The header documents this as single-threaded only, which is fine for the benchmark consumer. But the mutation is baked into the handle — a later caller who does concurrent searches on separate handles shares no state, but two callers racing on the same handle will corrupt ef_search silently. Consider whether the C++ core can accept ef_search as a search parameter instead of storing it on the object. If the Rust ABI parity constraint locks you into the current per-call parameter shape, at least make set_ef_search + search atomic under a lock, or call it out explicitly in hnsw_index.h as a known thread-unsafe path (not just in the C header).

vanedb_cpp_mmap_build can leave a partial file on failure

If b.add() succeeds for 5000 vectors and then throws, the catch (...) returns 1, but the file at path may already exist with partial data. A caller that retries after a non-zero return will open a corrupt store. Consider removing the file in the catch block, or document that the caller must remove it.


Design / API

to_metric silently maps unknown values to L2

case VANEDB_L2:
default:  return DistanceMetric::L2;

This is documented in the header, but silent fallback to L2 when the caller passes an invalid metric (e.g., (vanedb_metric)99) can cause correct-looking results that are subtly wrong. Distance functions that don't crash are the worst kind of bug in a benchmark harness. Since this is an internal API used by a controlled harness, it's probably fine — but consider returning an error (or even assert(false) in debug builds) for the out-of-range case rather than silently defaulting.

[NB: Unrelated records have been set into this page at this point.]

(* Let $P,Q$ be nonzero coprime integers with $\Delta:=P^2-4Q\neq0$, such that $\alpha/\beta$ is not a root of unity, where $\alpha,\beta$ are the roots of $x^2-Px+Q$. Let $(U_n)$ be the Lucas sequence $U_n=(\alpha^n-\beta^n)/(\alpha-\beta)$. Let $n,k$ be positive integers with $n\ge k$. Then the number \[\left\{{n\atop k}\right\}_{\boldsymbol U}:=\frac{\mathrm{lcm}(U_n,U_{n-1},\dots,U_{n-k+1})}{\mathrm{lcm}(U_1,U_2,\dots,U_k)}\] is a positive integer, and it divides $\binom{n}{k}_{\boldsymbol U}$.
   Context: $U_0=0$, $U_1=1$, $U_{n+2}=PU_{n+1}-QU_n$. For $n\ge k\ge1$, $\binom{n}{k}_{\boldsymbol U}:=\frac{U_nU_{n-1}\cdots U_{n-k+1}}{U_1U_2\cdots U_k}$. *)

theory Defs
  imports Complex_Main
begin

fun lucasU :: "int \<Rightarrow> int \<Rightarrow> nat \<Rightarrow> int" where
  "lucasU P Q 0 = 0"
| "lucasU P Q (Suc 0) = 1"
| "lucasU P Q (Suc (Suc n)) = P * lucasU P Q (Suc n) - Q * lucasU P Q n"

definition lucas_binom :: "int \<Rightarrow> int \<Rightarrow> nat \<Rightarrow> nat \<Rightarrow> rat" where
  "lucas_binom P Q n k =
     (\<Prod>i\<in>{n-k+1..n}. of_int (lucasU P Q i)) / (\<Prod>i\<in>{1..k}. of_int (lucasU P Q i))"

definition lucas_lcm_binom :: "int \<Rightarrow> int \<Rightarrow> nat \<Rightarrow> nat \<Rightarrow> rat" where
  "lucas_lcm_binom P Q n k =
     of_int (Lcm (lucasU P Q ` {n-k+1..n})) / of_int (Lcm (lucasU P Q ` {1..k}))"

end

theory Submission
  imports Defs "HOL-Computational_Algebra.Primes"
begin

(* For coprime P and Q the sequence U is a strong divisibility sequence: for every d, the
   indices m with d dvd U m are exactly the multiples of a rank r(d).  Any k consecutive
   integers contain at least as many multiples of r(d) as 1, ..., k, so at least as many of
   U (n-k+1), ..., U n as of U 1, ..., U k are divisible by d.  For a prime p, the p-adic
   valuation of a product of nonzero terms divided by their lcm is the sum over e >= 1 of
   N(p^e) - [N(p^e) > 0], where N(q) counts the terms divisible by q; this is monotone in N,
   which gives both divisibilities.  The root-of-unity hypothesis only serves to make
   U m nonzero for m > 0. *)

lemma card_multiples_le_consecutive:
  fixes r k a :: nat
  shows "card {i \<in> {1..k}. r dvd i} \<le> card {m \<in> {a + 1..a + k}. r dvd m}"
proof (rule card_inj_on_le)
  let ?shift = "\<lambda>i. i + r * (a div r)"
  show "inj_on ?shift {i \<in> {1..k}. r dvd i}"
    by (rule inj_onI) simp
  show "?shift ` {i \<in> {1..k}. r dvd i} \<subseteq> {m \<in> {a + 1..a + k}. r dvd m}"
  proof (rule image_subsetI)
    fix i assume "i \<in> {i \<in> {1..k}. r dvd i}"
    then have i: "i \<in> {1..k}" "r dvd i" by auto
    then have "0 < r" "r \<le> i"
      by (auto dest: dvd_imp_le)
    then have "a mod r < i"
      by (meson mod_less_divisor order_less_le_trans)
    then have "a < r * (a div r) + i"
      using mult_div_mod_eq[of r a] by linarith
    moreover have "?shift i \<le> k + a"
      using i(1) by (intro add_mono) (simp_all add: times_div_less_eq_dividend)
    ultimately show "?shift i \<in> {m \<in> {a + 1..a + k}. r dvd m}"
      using i(2) by auto
  qed
qed simp

lemma multiplicity_eq_card_prime_power_dvd:
  fixes x p :: "'a::factorial_semiring"
  assumes "x \<noteq> 0" "prime p" "multiplicity p x \<le> E"
  shows "multiplicity p x = card {e \<in> {1..E}. p ^ e dvd x}"
proof -
  have "{e \<in> {1..E}. p ^ e dvd x} = {1..multiplicity p x}"
    using assms by (auto simp: power_dvd_iff_le_multiplicity)
  then show ?thesis by simp
qed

Public include path exposes C++ headers to consumers of the static lib

target_include_directories(vanedb_cpp_capi PUBLIC
  ${CMAKE_CURRENT_SOURCE_DIR}/src    # <-- exposes all C++ core headers
  ${CMAKE_CURRENT_SOURCE_DIR})

The src/ path is PUBLIC, so anyone linking vanedb_cpp_capi gets the C++ headers on their include path. The benchmark harness (a Rust crate) only needs capi/vanedb_capi.h. Change src to PRIVATE — the .cpp impl file needs it, but downstream C consumers should not.


Test coverage

dim=0 negative tests assume the C++ constructors throw — is this guaranteed?

vanedb_cpp_store* s_bad = vanedb_cpp_store_new(0, VANEDB_L2);
assert(s_bad == NULL);

This test passes only if VectorStore(0, ...) throws. If the core silently accepts dim=0 and produces a zero-capacity store, the assert will fail with a misleading message. Add a comment citing the specific C++ behavior being relied on (or add a static_assert / unit test in the C++ layer that dim=0 throws).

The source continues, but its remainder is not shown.